=== TASK DIRECTIONS ===
Please read the records below and return each line holding the string "open".

^^^^^^^^^^^^^^^^

lemma proj_mat_mult:
  assumes V: "V \<in> block_decomps n As t" and j: "j < t" and l: "l < t"
  shows "proj_mat n V t j * proj_mat n V t l = (if j = l then proj_mat n V t j else 0\<^sub>m n n)"
proof (rule mat_eqI_mult_vec[of _ n n])
  fix x :: "'a vec" assume x: "x \<in> carrier_vec n"
  have "(proj_mat n V t j * proj_mat n V t l) *\<^sub>v x = proj_mat n V t j *\<^sub>v (proj_mat n V t l *\<^sub>v x)"
    by (rule assoc_mult_mat_vec[OF proj_mat_carrier proj_mat_carrier x])
  also have "\<dots> = (if j = l then proj_mat n V t l *\<^sub>v x else 0\<^sub>v n)"
    by (rule proj_mat_mult_vec_block[OF V l proj_mat_mult_vec_mem[OF V x l] j])
  finally show "(proj_mat n V t j * proj_mat n V t l) *\<^sub>v x =
      (if j = l then proj_mat n V t j else 0\<^sub>m n n) *\<^sub>v x"
    using x by simp
qed auto

lemma proj_mat_nonzero:
  assumes V: "V \<in> block_decomps n As t" and j: "j < t"
  shows "proj_mat n V t j \<noteq> 0\<^sub>m n n"
proof
  assume zero: "proj_mat n V t j = 0\<^sub>m n n"
  obtain v where v: "v \<in> V j" "v \<noteq> 0\<^sub>v n"
    using block_decompsD(3)[OF V j] is_subspaceD(2)[OF block_decompsD(2)[OF V j]] by blast
  have "v = proj_mat n V t j *\<^sub>v v" using proj_mat_mult_vec_block[OF V j v(1) j] by simp
  also have "\<dots> = 0\<^sub>v n" using zero block_decomp_carrier[OF V j v(1)] by simp
  finally show False using v(2) by contradiction
qed

lemma msum_proj_mat:
  assumes V: "V \<in> block_decomps n As t"
  shows "msum n (proj_mat n V t) {..<t} = 1\<^sub>m n"
proof (rule mat_eqI_mult_vec[of _ n n])
  fix x :: "'a vec" assume x: "x \<in> carrier_vec n"
  then show "msum n (proj_mat n V t) {..<t} *\<^sub>v x = 1\<^sub>m n *\<^sub>v x"
    by (simp add: msum_mult_mat_vec vsum_proj_mat_mult_vec[OF V x])
qed auto

lemma proj_tuple_in_orth_idems:
  assumes V: "V \<in> block_decomps n As t"
    and dims: "\<forall>A\<in>set As. A \<in> carrier_mat n n" and sym: "\<forall>A\<in>set As. transpose_mat A = A"
  shows "proj_tuple n t V \<in> orth_idems n As t"
proof -
  have "msum n (proj_tuple n t V) {..<t} = msum n (proj_mat n V t) {..<t}"
    unfolding proj_tuple_def by simp
  then show ?thesis
    unfolding orth_idems_def using proj_mat_in_center[OF V _ dims sym] proj_mat_nonzero[OF V]
      proj_mat_mult[OF V] msum_proj_mat[OF V]
    by (auto simp: proj_tuple_def)
qed

section \<open>Orthogonal idempotents and their ranges\<close>

lemma orth_idemsD:
  assumes "e \<in> orth_idems n As t"
  shows "e \<in> {..<t} \<rightarrow>\<^sub>E center n As"
    "\<And>j. j < t \<Longrightarrow> e j \<noteq> 0\<^sub>m n n" "\<And>j. j < t \<Longrightarrow> e j * e j = e j"
    "\<And>j l. j < t \<Longrightarrow> l < t \<Longrightarrow> j \<noteq> l \<Longrightarrow> e j * e l = 0\<^sub>m n n"
    "msum n e {..<t} = 1\<^sub>m n"
  using assms unfolding orth_idems_def by simp_all

lemma orth_idems_carrier: "e \<in> orth_idems n As t \<Longrightarrow> j < t \<Longrightarrow> e j \<in> carrier_mat n n"
  using orth_idemsD(1) unfolding center_def by blast

lemma orth_idems_mult_vec:
  assumes e: "e \<in> orth_idems n As t" and j: "j < t" and l: "l < t" and x: "x \<in> carrier_vec n"
  shows "e j *\<^sub>v (e l *\<^sub>v x) = (if j = l then e l *\<^sub>v x else 0\<^sub>v n)"
proof -
  have "e j *\<^sub>v (e l *\<^sub>v x) = (e j * e l) *\<^sub>v x"
    using assoc_mult_mat_vec[OF orth_idems_carrier[OF e j] orth_idems_carrier[OF e l] x] by simp
  then show ?thesis using orth_idemsD(3,4)[OF e] j l x by auto
qed

lemma vsum_orth_idems_mult_vec:
  assumes e: "e \<in> orth_idems n As t" and x: "x \<in> carrier_vec n"
  shows "vsum n (\<lambda>l. e l *\<^sub>v x) {..<t} = x"
proof -
  have "msum n e {..<t} *\<^sub>v x = vsum n (\<lambda>l. e l *\<^sub>v x) {..<t}"
    by (rule msum_mult_mat_vec) (use orth_idems_carrier[OF e] x in auto)
  then show ?thesis using orth_idemsD(5)[OF e] x by simp
qed

definition idem_ranges :: "nat \<Rightarrow> nat \<Rightarrow> (nat \<Rightarrow> 'a::field mat) \<Rightarrow> nat \<Rightarrow> 'a vec set" where
  "idem_ranges n t e = (\<lambda>j\<in>{..<t}. (*\<^sub>v) (e j) ` carrier_vec n)"

lemma idem_ranges_decomp_unique:
  assumes e: "e \<in> orth_idems n As t"
    and g: "g \<in> Pi\<^sub>E {..<t} (idem_ranges n t e)" and x: "x = vsum n g {..<t}"
  shows "g = (\<lambda>l\<in>{..<t}. e l *\<^sub>v x)"
proof
  fix j
  show "g j = (\<lambda>l\<in>{..<t}. e l *\<^sub>v x) j"
  proof (cases "j < t")
    case False
    then show ?thesis using g by (auto simp: PiE_def extensional_def)
  next
    case j: True
    have g_range: "\<exists>y\<in>carrier_vec n. g l = e l *\<^sub>v y" if "l < t" for l
      using PiE_mem[OF g, of l] that unfolding idem_ranges_def by auto
    have gc: "g l \<in> carrier_vec n" if "l \<in> {..<t}" for l
      using g_range[of l] that orth_idems_carrier[OF e, of l] by auto
    have "e j *\<^sub>v x = vsum n (\<lambda>l. e j *\<^sub>v g l) {..<t}"
      unfolding x by (rule mult_mat_vec_vsum[OF orth_idems_carrier[OF e j] gc])
    also have "\<dots> = vsum n (\<lambda>l. if l = j then g j else 0\<^sub>v n) {..<t}"
    proof (rule vsum_cong)
      fix l assume "l \<in> {..<t}"
      with g_range obtain y where "y \<in> carrier_vec n" "g l = e l *\<^sub>v y" by auto
      then show "e j *\<^sub>v g l = (if l = j then g j else 0\<^sub>v n)"
        using orth_idems_mult_vec[OF e j _ \<open>y \<in> carrier_vec n\<close>, of l] \<open>l \<in> {..<t}\<close> by auto
    qed
    also have "\<dots> = g j" by (rule vsum_delta) (use j gc in auto)
    finally show ?thesis using j by simp
  qed
qed

lemma idem_ranges_in_block_decomps:
  assumes e: "e \<in> orth_idems n As t"
    and dims: "\<forall>A\<in>set As. A \<in> carrier_mat n n" and sym: "\<forall>A\<in>set As. transpose_mat A = A"
  shows "idem_ranges n t e \<in> block_decomps n As t"
proof -
  let ?V = "idem_ranges n t e"
  have range: "?V j = (*\<^sub>v) (e j) ` carrier_vec n" if "j < t" for j
    using that unfolding idem_ranges_def by simp
  have nonzero: "?V j \<noteq> {0\<^sub>v n}" if j: "j < t" for j
  proof
    assume zero: "?V j = {0\<^sub>v n}"
    have "e j = 0\<^sub>m n n"
      by (rule mat_eqI_mult_vec[OF orth_idems_carrier[OF e j] zero_carrier_mat])
         (use zero range[OF j] in auto)
    then show False using orth_idemsD(2)[OF e j] by contradiction
  qed
  have decomp: "\<exists>!f. f \<in> Pi\<^sub>E {..<t} ?V \<and> x = vsum n f {..<t}" if x: "x \<in> carrier_vec n" for x
  proof
    show "(\<lambda>l\<in>{..<t}. e l *\<^sub>v x) \<in> Pi\<^sub>E {..<t} ?V \<and> x = vsum n (\<lambda>l\<in>{..<t}. e l *\<^sub>v x) {..<t}"
      using x range vsum_orth_idems_mult_vec[OF e x] by auto
  qed (use idem_ranges_decomp_unique[OF e] in blast)
  have orth: "u \<bullet> (A *\<^sub>v w) = 0"
    if A: "A \<in> set As" and j: "j < t" and l: "l < t" and jl: "j \<noteq> l"
      and u: "u \<in> ?V j" and w: "w \<in> ?V l" for A j l u w
  proof -
    obtain x where x: "x \<in> carrier_vec n" "u = e j *\<^sub>v x" using u range[OF j] by auto
    obtain y where y: "y \<in> carrier_vec n" "w = e l *\<^sub>v y" using w range[OF l] by auto
    have Ac: "A \<in> carrier_mat n n" using dims A by blast
    have ej: "e j \<in> carrier_mat n n" and el: "e l \<in> carrier_mat n n"
      using orth_idems_carrier[OF e] j l by auto
    \<comment> \<open>\<open>e j\<close> is self-adjoint with respect to the symmetric form of \<open>A\<close>\<close>
    have "e j \<in> center n As" using orth_idemsD(1)[OF e] j by auto
    then have adjoint: "transpose_mat (e j) * A = A * e j"
      using transpose_mult[OF Ac ej] A sym unfolding center_def by auto
    have wc: "w \<in> carrier_vec n" using y el by simp
    have "u \<bullet> (A *\<^sub>v w) = x \<bullet> (transpose_mat (e j) *\<^sub>v (A *\<^sub>v w))"
      using transpose_vec_mult_scalar[of "transpose_mat (e j)" n n "A *\<^sub>v w" x] x ej Ac wc by simp
    also have "\<dots> = x \<bullet> (A *\<^sub>v (e j *\<^sub>v w))"
      using assoc_mult_mat_vec[of "transpose_mat (e j)" n n A n w] assoc_mult_mat_vec[OF Ac ej wc]
        adjoint ej Ac wc by simp
    also have "e j *\<^sub>v w = 0\<^sub>v n" using orth_idems_mult_vec[OF e j l y(1)] y(2) jl by simp
    finally show ?thesis using x Ac by simp
  qed
  show ?thesis
    unfolding block_decomps_def mem_Collect_eq
    using range_mult_mat_vec_subspace[OF orth_idems_carrier[OF e]] range nonzero decomp orth
    by (auto simp: idem_ranges_def)
qed

lemma proj_tuple_idem_ranges:
  assumes e: "e \<in> orth_idems n As t"
    and dims: "\<forall>A\<in>set As. A \<in> carrier_mat n n" and sym: "\<forall>A\<in>set As. transpose_mat A = A"
  shows "proj_tuple n t (idem_ranges n t e) = e"
proof
  fix j
  let ?V = "idem_ranges n t e"
  show "proj_tuple n t ?V j = e j"
  proof (cases "j < t")
    case False
    then show ?thesis using orth_idemsD(1)[OF e] by (auto simp: proj_tuple_def PiE_def extensional_def)
  next
    case j: True
    have V: "?V \<in> block_decomps n As t" by (rule idem_ranges_in_block_decomps[OF e dims sym])
    have "proj_mat n ?V t j = e j"
    proof (rule mat_eqI_mult_vec[OF proj_mat_carrier orth_idems_carrier[OF e j]])
      fix x :: "'a vec" assume x: "x \<in> carrier_vec n"
      obtain f where f: "f \<in> Pi\<^sub>E {..<t} ?V" "x = vsum n f {..<t}"
        using block_decompsD(4)[OF V x] by blast
      have "proj_mat n ?V t j *\<^sub>v x = f j"
        using proj_mat_mult_vec[OF V x j] dproj_eqI[OF V f(1) f(2)[symmetric]] by simp
      also have "\<dots> = e j *\<^sub>v x" using idem_ranges_decomp_unique[OF e f] j by simp
      finally show "proj_mat n ?V t j *\<^sub>v x = e j *\<^sub>v x" .
    qed
    then show ?thesis using j unfolding proj_tuple_def by simp
  qed
qed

^^^^^^^^^^^^^^^^

=== RESULT ===
section \<open>Orthogonal idempotents and their ranges\<close>
        using orth_idems_mult_vec[OF e j _ \<open>y \<in> carrier_vec n\<close>, of l] \<open>l \<in> {..<t}\<close> by auto
    \<comment> \<open>\<open>e j\<close> is self-adjoint with respect to the symmetric form of \<open>A\<close>\<close>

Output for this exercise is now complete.